A to oznacza, że już mniej więcej co trzeci złotowy kredyt hipoteczny jest udzielany w ramach programu rządowego „Rodzina na swoim”.
Jest o co walczyć. W przypadku kredytu na 300 tys. zł oszczędność w ciągu ośmiu lat trwania dopłat może wynieść nawet 90 tys. zł. A przez ten czas klienci będą mieć ratę nawet o połowę niższą w porównaniu do zwykłego kredytu komercyjnego.
– W ostatnich tygodniach obserwujemy bardzo dynamiczny wzrost zainteresowania kredytami z rządową dopłatą – mówi Ewa Balicka, rzeczniczka Banku Gospodarstwa Krajowego. – Tylko w kwietniu i maju banki za naszym pośrednictwem udzieliły o ponad 950 więcej takich kredytów niż w całym pierwszym kwartale tego roku – dodaje.
Tym samym zwiększa się udział „Rodziny na swoim” w ogóle liczby kredytów hipotecznych w złotych. Jeszcze w pierwszym kwartale mniej więcej co piąty kredyt złotowy został udzielony z dopłatą. Bardzo prawdopodobne, że w drugim kwartale będzie to już co trzeci kredyt złotowy.

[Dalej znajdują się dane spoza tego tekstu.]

lemma rep_char_one: "group G \<Longrightarrow> is_rep G n \<rho> \<Longrightarrow> rep_char G \<rho> \<one>\<^bsub>G\<^esub> = of_nat n"
  unfolding rep_char_def by (simp add: is_repD(4) group.is_monoid)

lemma char_ker_rep_char: "group G \<Longrightarrow> is_rep G n \<rho> \<Longrightarrow> char_ker G (rep_char G \<rho>) = rep_ker G n \<rho>"
  using rep_char_one[of G n \<rho>] unfolding char_ker_def rep_ker_def by (auto simp: rep_char_def)

lemma nonlinear_char_rep_char: "group G \<Longrightarrow> is_rep G n \<rho> \<Longrightarrow> nonlinear_char G (rep_char G \<rho>) \<longleftrightarrow> 1 < n"
  using rep_char_one[of G n \<rho>] unfolding nonlinear_char_def by auto

lemma one_in_rep_ker: "group G \<Longrightarrow> is_rep G n \<rho> \<Longrightarrow> \<one>\<^bsub>G\<^esub> \<in> rep_ker G n \<rho>"
  unfolding rep_ker_def by (simp add: is_repD(4) group.is_monoid)

lemma linear_rep_mult:
  "is_rep G 1 \<rho> \<Longrightarrow> g \<in> carrier G \<Longrightarrow> h \<in> carrier G \<Longrightarrow>
    \<rho> (g \<otimes>\<^bsub>G\<^esub> h) $$ (0,0) = \<rho> g $$ (0,0) * \<rho> h $$ (0,0)"
  by (simp add: is_repD mult_mat_1x1_entry)

lemma (in group) linear_rep_inv:
  assumes "is_rep G 1 \<rho>" "g \<in> carrier G"
  shows "\<rho> g $$ (0,0) * \<rho> (inv g) $$ (0,0) = 1"
proof -
  have "\<rho> g $$ (0,0) * \<rho> (inv g) $$ (0,0) = \<rho> (g \<otimes> inv g) $$ (0,0)"
    by (rule linear_rep_mult[OF assms(1,2) inv_closed[OF assms(2)], symmetric])
  then show ?thesis using is_repD(4)[OF assms(1)] assms(2) by simp
qed

lemma rep_ker_linear: "is_rep G 1 \<rho> \<Longrightarrow> rep_ker G 1 \<rho> = {g \<in> carrier G. \<rho> g $$ (0,0) = 1}"
  unfolding rep_ker_def by (auto simp: mat_tr_1x1 is_repD(2))

lemma (in group) derived_subset_linear_rep_ker:
  assumes "is_rep G 1 \<rho>"
  shows "derived G (carrier G) \<subseteq> rep_ker G 1 \<rho>"
proof -
  have "subgroup (rep_ker G 1 \<rho>) G"
  proof
    show "rep_ker G 1 \<rho> \<subseteq> carrier G" unfolding rep_ker_def by auto
    show "\<one> \<in> rep_ker G 1 \<rho>" by (rule one_in_rep_ker[OF is_group assms])
    show "x \<otimes> y \<in> rep_ker G 1 \<rho>" if "x \<in> rep_ker G 1 \<rho>" "y \<in> rep_ker G 1 \<rho>" for x y
      using that linear_rep_mult[OF assms] unfolding rep_ker_linear[OF assms] by auto
    show "inv x \<in> rep_ker G 1 \<rho>" if "x \<in> rep_ker G 1 \<rho>" for x
      using that linear_rep_inv[OF assms, of x] unfolding rep_ker_linear[OF assms] by auto
  qed
  moreover have "derived_set G (carrier G) \<subseteq> rep_ker G 1 \<rho>"
  proof
    fix z assume "z \<in> derived_set G (carrier G)"
    then obtain g h where gh: "g \<in> carrier G" "h \<in> carrier G"
      "z = g \<otimes> h \<otimes> inv g \<otimes> inv h" by auto
    have "\<rho> z $$ (0,0) = (\<rho> g $$ (0,0) * \<rho> (inv g) $$ (0,0)) * (\<rho> h $$ (0,0) * \<rho> (inv h) $$ (0,0))"
      using gh linear_rep_mult[OF assms] by (simp add: mult_ac)
    then show "z \<in> rep_ker G 1 \<rho>"
      using gh linear_rep_inv[OF assms] unfolding rep_ker_linear[OF assms] by simp
  qed
  ultimately show ?thesis unfolding derived_def using generate_subgroup_incl by blast
qed

lemma nonlinear_if_derived_not_in_rep_ker:
  "group G \<Longrightarrow> is_rep G n \<rho> \<Longrightarrow> y \<in> derived G (carrier G) \<Longrightarrow> y \<notin> rep_ker G n \<rho> \<Longrightarrow> 1 < n"
  using group.derived_subset_linear_rep_ker[of G \<rho>] is_repD(1)[of G n \<rho>]
  by (cases "n = 1") auto

text \<open>The representation \<open>\<mu> \<otimes> \<rho>\<close> for linear \<open>\<mu>\<close>; its character is the product of the two characters.\<close>
definition twist_rep :: "('g \<Rightarrow> complex mat) \<Rightarrow> ('g \<Rightarrow> complex mat) \<Rightarrow> 'g \<Rightarrow> complex mat" where
  "twist_rep \<mu> \<rho> = (\<lambda>g. (\<mu> g $$ (0,0)) \<cdot>\<^sub>m \<rho> g)"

Paradoksalnie, do tak szybkiego wzrostu popularności programu „Rodzina na swoim” przyczynił się kryzys na rynkach finansowym i nieruchomości.

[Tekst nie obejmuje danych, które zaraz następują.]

(* Suppose Algorithm SC is run on a source function $b$ with $|b(v)|\le\deg(v)$ for all $v$, with $\alpha\in(0,1/4]$ and $T$ satisfying $\alpha^2T\ge\ln(2n+5Tn^2)$, and completes all $T$ rounds without terminating in step (4). Then $|b(v)-(B\bar f)_v|\le5\alpha\deg(v)$ for every $v\in V$.
   Context: Let $G=(V,E)$ be a unit-capacity undirected graph, $n=|V|\ge3$, every vertex of degree $\deg(v)\ge1$, each edge with a fixed arbitrary orientation; $B\in\mathbb R^{V\times E}$ is the incidence matrix (column $(u,v)$ has $+1$ in row $u$, $-1$ in row $v$, $0$ elsewhere). Algorithm SC takes $b\in\mathbb R^V$ with $|b(v)|\le\deg(v)$ for all $v$, $\alpha\in(0,1/4]$ and an integer $T\ge1$. Set $w^1_{v,+}=w^1_{v,-}=1$ for all $v$. For $i=1,\dots,T$: (1) for $\circ\in\{+,-\}$, $\tilde w^i_{v,\circ}=w^i_{v,\circ}$ if $w^i_{v,\circ}\ge n$ and $\tilde w^i_{v,\circ}=0$ otherwise; (2) $\tilde\phi^i_v=(\tilde w^i_{v,+}-\tilde w^i_{v,-})/\deg(v)$; (3) for each edge $(u,v)$, $f^i(u,v)=+1$ if $\tilde\phi^i_u>\tilde\phi^i_v$, $-1$ if $\tilde\phi^i_u<\tilde\phi^i_v$, $0$ otherwise; (4) if $\langle\tilde\phi^i,b\rangle>\langle\tilde\phi^i,Bf^i\rangle$, terminate; (5) $r^i_v=(b(v)-(Bf^i)_v)/\deg(v)$; (6) $w^{i+1}_{v,+}=w^i_{v,+}(1+\alpha r^i_v)$ and $w^{i+1}_{v,-}=w^i_{v,-}(1-\alpha r^i_v)$. If all $T$ rounds complete, output $\bar f=\frac1T\sum_{i=1}^Tf^i$. *)

theory Defs
  imports Complex_Main
begin
(* Let $d\in\mathbb{N}$, $d\geq 1$. There is no $d$-dimensional freezing cellular automaton $F$ such that, for every $d$-dimensional freezing cellular automaton $G$ with von Neumann neighborhood $\mathrm{VN}_d$, $F$ simulates $G$ with context $C=\{\vec 0\}$ (for some slowdown $T>0$ and some rectangular block $B$).
   Context: A $d$-dimensional cellular automaton (CA) is $F=(d,Q,N,f)$ with $Q$ a finite state set, $N\subset\mathbb{Z}^d$ a finite neighborhood and $f:Q^N\to Q$; its global map on $Q^{\mathbb{Z}^d}$ is $F(c)_z=f(c|_{z+N})$. A CA is $\preceq$-freezing for a partial order $\preceq$ on $Q$ if $F(c)_z\preceq c_z$ for every configuration $c$ and cell $z$; it is freezing if it is $\preceq$-freezing for some partial order. The von Neumann neighborhood is $\mathrm{VN}_d=\{\vec 0,\pm e_1,\dots,\pm e_d\}$ where $e_1,\dots,e_d$ is the canonical basis. Simulation: let $F=(d,Q_F,N,f)$, $G=(d,Q_G,N',g)$, $T>0$, $B\subseteq\mathbb{Z}^d$ a rectangular block with size-vector $b\in\mathbb{Z}^d$, and $C\subset\mathbb{Z}^d$ finite with $\vec0\in C$. $F$ simulates $G$ with slowdown $T$, block $B$ and context $C$ if there is a map $\phi:Q_G^C\to Q_F^B$ such that the map $\bar\phi:Q_G^{\mathbb{Z}^d}\to Q_F^{\mathbb{Z}^d}$ defined by $\bar\phi(c)_{bz+r}=\phi(c|_{z+C})_r$ for $z\in\mathbb{Z}^d$, $r\in B$ (with $bz$ the componentwise product) is injective and satisfies $\bar\phi(G(c))=F^T(\bar\phi(c))$ for all $c$. The simulation is called context-free when $C=\{\vec 0\}$. *)

theory Defs
  imports Main "HOL-Library.FuncSet"
begin

text \<open>Cells of the lattice Z^d are functions 'd \<Rightarrow> int for a finite index type 'd
  (so d = CARD('d) \<ge> 1).\<close>

definition vplus :: "('d \<Rightarrow> int) \<Rightarrow> ('d \<Rightarrow> int) \<Rightarrow> ('d \<Rightarrow> int)" where
  "vplus z n = (\<lambda>i. z i + n i)"

definition configs :: "'q set \<Rightarrow> (('d \<Rightarrow> int) \<Rightarrow> 'q) set" where
  "configs Q = {c. \<forall>z. c z \<in> Q}"

definition pattern :: "(('d \<Rightarrow> int) \<Rightarrow> 'q) \<Rightarrow> ('d \<Rightarrow> int) \<Rightarrow> ('d \<Rightarrow> int) set
    \<Rightarrow> (('d \<Rightarrow> int) \<Rightarrow> 'q)" where
  "pattern c z N = (\<lambda>n. if n \<in> N then c (vplus z n) else undefined)"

– Banki praktycznie przestały udzielać tanich kredytów we frankach szwajcarskich. To zmusiło klientów do poszukania źródła finansowania w złotych – wyjaśnia Marcin Krasoń, analityk rynku kredytów hipotecznych z firmy Open Finance. – Natomiast spadek cen nieruchomości spowodował, że kredyt z dopłatą znalazł się w zasięgu mieszkańców dużych miast – dodaje.
Jeszcze pod koniec ubiegłego roku kredyt z dopłatą mogli otrzymać tylko mieszkańcy mniejszych miast, gdzie średnie ceny mieszkań mieściły się w maksymalnych limitach cen metra kwadratowego ustalonych w ustawie.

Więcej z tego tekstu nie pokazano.